(* Let $n\ge2$, $q=2^m$, and let $\mathbf{H}_X^{(q)}$, $\mathbf{H}_Z^{(q)}$ be $q$-ary labelings of the toric Tanner graphs $\mathcal{G}_X$, $\mathcal{G}_Z$ (as defined in the context) with codes $\mathcal{C}_X^{(q)}$, $\mathcal{C}_Z^{(q)}$, such that $(\mathcal{C}_Z^{(q)})^\perp\subset\mathcal{C}_X^{(q)}$ and every cycle of the labeled graph $\mathcal{G}_X$ has product $1$. Then $$\min\{|x| : x\in\mathcal{C}_X^{(q)}\setminus(\mathcal{C}_Z^{(q)})^\perp\}=\min\{|x| : x\in\mathcal{C}_Z^{(q)}\setminus(\mathcal{C}_X^{(q)})^\perp\}=n,$$ where $|x|$ is the Hamming weight.
   Context: Indices are taken in $\mathbb{Z}_{2n}=\{0,\dots,2n-1\}$ with arithmetic mod $2n$. Variable nodes: $V=\{(i,j)\in\mathbb{Z}_{2n}^2: i+j\text{ even}\}$. $X$-check nodes: $C_X=\{(i,j): i\text{ odd}, j\text{ even}\}$; $Z$-check nodes: $C_Z=\{(i,j): i\text{ even}, j\text{ odd}\}$. Each check node $(i,j)$ is adjacent to the four variable nodes $(i\pm1,j)$, $(i,j\pm1)$. $\mathcal{G}_X$ is the bipartite graph on $V\cup C_X$ and $\mathcal{G}_Z$ on $V\cup C_Z$. A $q$-ary labeling is a matrix $\mathbf{H}_X^{(q)}=(x_{c,v})\in\mathbb{F}_q^{C_X\times V}$ with $x_{c,v}\neq0$ iff $c,v$ adjacent, and similarly $\mathbf{H}_Z^{(q)}=(z_{c,v})\in\mathbb{F}_q^{C_Z\times V}$. $\mathcal{C}_X^{(q)}=\ker\mathbf{H}_X^{(q)}\subset\mathbb{F}_q^V$, $\mathcal{C}_Z^{(q)}=\ker\mathbf{H}_Z^{(q)}$, and $\perp$ is with respect to the standard bilinear form on $\mathbb{F}_q^V$. For a cycle $v_1,c_1,v_2,\dots,v_k,c_k,v_1$ of labeled $\mathcal{G}_X$ its product is $\prod_{t=1}^k x_{c_t v_{t+1}}x_{c_t v_t}^{-1}$ (indices of $v$ mod $k$). *)

theory Defs
  imports Main
begin

text \<open>Indices in Z_{2n} are represented by naturals 0..<2n, arithmetic mod 2n.\<close>

definition tor_V :: "nat \<Rightarrow> (nat \<times> nat) set" where
  "tor_V n = {(i, j). i < 2*n \<and> j < 2*n \<and> even (i + j)}"

definition tor_CX :: "nat \<Rightarrow> (nat \<times> nat) set" where
  "tor_CX n = {(i, j). i < 2*n \<and> j < 2*n \<and> odd i \<and> even j}"

definition tor_CZ :: "nat \<Rightarrow> (nat \<times> nat) set" where
  "tor_CZ n = {(i, j). i < 2*n \<and> j < 2*n \<and> even i \<and> odd j}"

definition tor_adj :: "nat \<Rightarrow> nat \<times> nat \<Rightarrow> nat \<times> nat \<Rightarrow> bool" where
  "tor_adj n c v = (case c of (i, j) \<Rightarrow>
     v \<in> {((i + 1) mod (2*n), j), ((i + 2*n - 1) mod (2*n), j),
           (i, (j + 1) mod (2*n)), (i, (j + 2*n - 1) mod (2*n))})"
(* Let $Q=\Diamond abcd$ be a convex quadrilateral with vertices $a,b,c,d$ in clockwise order, such that the diagonal $\overline{ac}$ is horizontal, $|ac|=1$, and $1$ is the diameter of $Q$. Let the smallest axis-parallel rectangle containing $Q$ have horizontal side length $1$ and vertical side length $W$ with $\frac{2}{\sqrt5}<W\le 1$, with $a$ on its left side, $b$ on its top side, $c$ on its right side and $d$ on its bottom side. Then there exists a triangle contained in $Q$ whose smallest side has length at least $\frac{\sqrt{1+5W^2}}{4}$. *)

theory Defs
  imports "HOL-Analysis.Analysis"
begin

definition cross2 :: "real \<times> real \<Rightarrow> real \<times> real \<Rightarrow> real" where
  "cross2 u v = fst u * snd v - snd u * fst v"

text \<open>a b c d are the vertices, in clockwise order, of a (strictly) convex quadrilateral:
  every consecutive triple makes a strict right turn.\<close>

definition convex_quad_cw :: "real \<times> real \<Rightarrow> real \<times> real \<Rightarrow> real \<times> real \<Rightarrow> real \<times> real \<Rightarrow> bool" where
  "convex_quad_cw a b c d \<longleftrightarrow>
     cross2 (b - a) (c - b) < 0 \<and> cross2 (c - b) (d - c) < 0 \<and>
     cross2 (d - c) (a - d) < 0 \<and> cross2 (a - d) (b - a) < 0"

end

theory Submission
  imports Defs
begin

text \<open>Put a at the origin and c at (1, 0), so that b = (u, h) and d = (v, -k) with h, k > 0 and
  h + k = W; the diameter bound on bd gives (u - v)^2 + W^2 \<le> 1, hence |u - v| < 1/2.
  Let S = sqrt (1 + 5 W^2). If k \<ge> S/4, the triangle acd has all sides at least S/4.
  Otherwise h > W - S/4, and when u \<le> v and u + v \<le> 1 the triangle formed by b, c and the
  midpoint of ad has all sides at least S/4. The reflection in the line ac and the
  half-turn about the midpoint of ac reduce every position of b and d to this one.\<close>

definition has_triangle_min_side_ge :: "'a::real_normed_vector set \<Rightarrow> real \<Rightarrow> bool" where
  "has_triangle_min_side_ge H T \<longleftrightarrow>
     (\<exists>p q r. \<not> collinear {p, q, r} \<and> convex hull {p, q, r} \<subseteq> H \<and>
        min (dist p q) (min (dist q r) (dist r p)) \<ge> T)"

lemma collinear_imp_cross2_eq_0:
  fixes p q r :: "real \<times> real"
  assumes "collinear {p, q, r}"
  shows "cross2 (q - p) (r - p) = 0"
proof -
  obtain w where w: "\<forall>x\<in>{p, q, r}. \<forall>y\<in>{p, q, r}. \<exists>c. x - y = c *\<^sub>R w"
    using assms unfolding collinear_def by blast
  obtain c1 c2 where "q - p = c1 *\<^sub>R w" "r - p = c2 *\<^sub>R w"
    using w by blast
  then show ?thesis
    unfolding cross2_def by (simp add: algebra_simps)
qed

lemma has_triangle_min_side_geI:
  fixes p q r :: "real \<times> real"
  assumes "convex H" "p \<in> H" "q \<in> H" "r \<in> H" "cross2 (q - p) (r - p) \<noteq> 0"
    and "T \<le> dist p q" "T \<le> dist q r" "T \<le> dist r p"
  shows "has_triangle_min_side_ge H T"
  unfolding has_triangle_min_side_ge_def
proof (intro exI conjI)
  show "\<not> collinear {p, q, r}"
    using collinear_imp_cross2_eq_0 assms(5) by blast
  show "convex hull {p, q, r} \<subseteq> H"
    using assms(1-4) by (intro hull_minimal) auto
qed (use assms(6-8) in simp)

lemma sqrt_le_dist_Pair:
  fixes x1 y1 x2 y2 s :: real
  assumes "s \<le> (x1 - x2)^2 + (y1 - y2)^2"
  shows "sqrt s \<le> dist (x1, y1) (x2, y2)"
  using assms by (simp add: dist_Pair_Pair dist_real_def)

lemma convex_hull_affine_image:
  assumes "linear g" "\<And>x. f x = t + g x"
  shows "f ` (convex hull S) = convex hull (f ` S)"
proof -
  have f: "f = (\<lambda>x. t + x) \<circ> g"
    using assms(2) by auto
  show ?thesis
    unfolding f image_comp[symmetric]
    by (simp add: convex_hull_translation convex_hull_linear_image[OF assms(1)])
qed
(* Let $(\mathscr N,K)$ be a power law kinetic system with a decomposition $\mathscr D:\mathscr N=\mathscr N_1\cup\cdots\cup\mathscr N_k$ such that each subsystem $(\mathscr N_i,K_i)$ is a weakly reversible, complex balanced PL-RDK system of CLP type with $P_{Z,i}=\widetilde S_i$. If $\mathscr D$ is incidence independent and the induced covering $\widetilde{\mathscr D}$ is independent, then $(\mathscr N,K)$ is a weakly reversible CLP system with $P_Z=\sum_{i=1}^k\widetilde S_i$.
   Context: A CRN $\mathscr N=(\mathscr S,\mathscr C,\mathscr R)$ has species $\mathscr S$, complexes $\mathscr C$ (vectors in $\mathbb Z_{\ge0}^{\mathscr S}$) and reactions $\mathscr R$; it is weakly reversible if every connected component of its reaction graph is strongly connected. A decomposition is given by a partition $\{\mathscr R_1,\dots,\mathscr R_k\}$ of $\mathscr R$, $\mathscr N_i$ having reactions $\mathscr R_i$ and complexes $\mathscr C_i$ those occurring in $\mathscr R_i$; $K_i$ is the restriction of the kinetics $K$ to $\mathscr R_i$. A power law kinetics assigns to reaction $R_j$ the rate $K_j(x)=k_jx^{F_{j,\cdot}}=k_j\prod_{s}x_s^{F_{js}}$ with $k_j>0$ and real kinetic order matrix $F$ (rows indexed by reactions). It is PL-RDK (reactant-determined) if any two reactions with the same reactant complex have identical rows of $F$; then each reactant complex $y$ has a kinetic complex $\widetilde y$ (the common row). The incidence map $I_a:\mathbb R^{\mathscr R}\to\mathbb R^{\mathscr C}$ sends $y\to y'$ to $\omega_{y'}-\omega_y$; $Z_+(\mathscr N,K)=\{x\in\mathbb R^{\mathscr S}_{>0}: I_aK(x)=0\}$ is the set of complex balanced equilibria, and the system is complex balanced if this set is nonempty. A system is of CLP type with subspace $P_Z\subseteq\mathbb R^{\mathscr S}$ if $Z_+\neq\varnothing$ and $Z_+=\{x\in\mathbb R^{\mathscr S}_{>0}:\log x-\log x^*\in P_Z^{\perp}\}$ for some (any) $x^*\in Z_+$. For a weakly reversible PL-RDK subsystem $(\mathscr N_i,K_i)$, its network of kinetic complexes $\widetilde{\mathscr N}_i$ has reactions $\widetilde y\to\widetilde{y'}$ for each $y\to y'\in\mathscr R_i$, and its kinetic order subspace is $\widetilde S_i=\operatorname{span}\{\widetilde{y'}-\widetilde y: y\to y'\in\mathscr R_i\}$. The induced covering $\widetilde{\mathscr D}$ is $\widetilde{\mathscr N}_{\mathscr D}=\widetilde{\mathscr N}_1\cup\cdots\cup\widetilde{\mathscr N}_k$; it is independent if the stoichiometric subspace of $\widetilde{\mathscr N}_{\mathscr D}$ (which is $\sum_i\widetilde S_i$) is the direct sum of the $\widetilde S_i$. $\mathscr D$ is incidence independent if $\operatorname{Im}I_a$ is the direct sum of the images of the incidence maps of the $\mathscr N_i$. *)

theory Defs
  imports Complex_Main
begin

text \<open>
Model of a CRN: species form a finite type 's; complexes are vectors 's \<Rightarrow> nat;
reactions are indexed by elements of a finite set R of some type 'r, where
reaction r is  src r \<rightarrow> tgt r.  A power law kinetics is given by rate
constants k :: 'r \<Rightarrow> real and a kinetic order matrix F :: 'r \<Rightarrow> 's \<Rightarrow> real
(row F r).  A subnetwork is given by a subset of reactions; its complexes are
those occurring in its reactions, and its kinetics is the restriction.
\<close>

type_synonym 's complex = "'s \<Rightarrow> nat"

definition complexes :: "'r set \<Rightarrow> ('r \<Rightarrow> 's complex) \<Rightarrow> ('r \<Rightarrow> 's complex) \<Rightarrow> 's complex set" where
  "complexes R src tgt = src ` R \<union> tgt ` R"

definition reaction_graph :: "'r set \<Rightarrow> ('r \<Rightarrow> 's complex) \<Rightarrow> ('r \<Rightarrow> 's complex) \<Rightarrow> ('s complex \<times> 's complex) set" where
  "reaction_graph R src tgt = {(src r, tgt r) | r. r \<in> R}"

definition weakly_reversible :: "'r set \<Rightarrow> ('r \<Rightarrow> 's complex) \<Rightarrow> ('r \<Rightarrow> 's complex) \<Rightarrow> bool" where
  "weakly_reversible R src tgt \<longleftrightarrow>
     (\<forall>c1 \<in> complexes R src tgt. \<forall>c2 \<in> complexes R src tgt.
        (c1, c2) \<in> (reaction_graph R src tgt \<union> (reaction_graph R src tgt)\<inverse>)\<^sup>* \<longrightarrow>
        (c1, c2) \<in> (reaction_graph R src tgt)\<^sup>*)"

** DIRECTIONS **
Among the entries above, find the line with "text \<open>Put a" and the line with "Let S = sqrt"; give again exactly these two lines and all lines between them.

** REPLY TO THE TASK **
text \<open>Put a at the origin and c at (1, 0), so that b = (u, h) and d = (v, -k) with h, k > 0 and
  h + k = W; the diameter bound on bd gives (u - v)^2 + W^2 \<le> 1, hence |u - v| < 1/2.
  Let S = sqrt (1 + 5 W^2). If k \<ge> S/4, the triangle acd has all sides at least S/4.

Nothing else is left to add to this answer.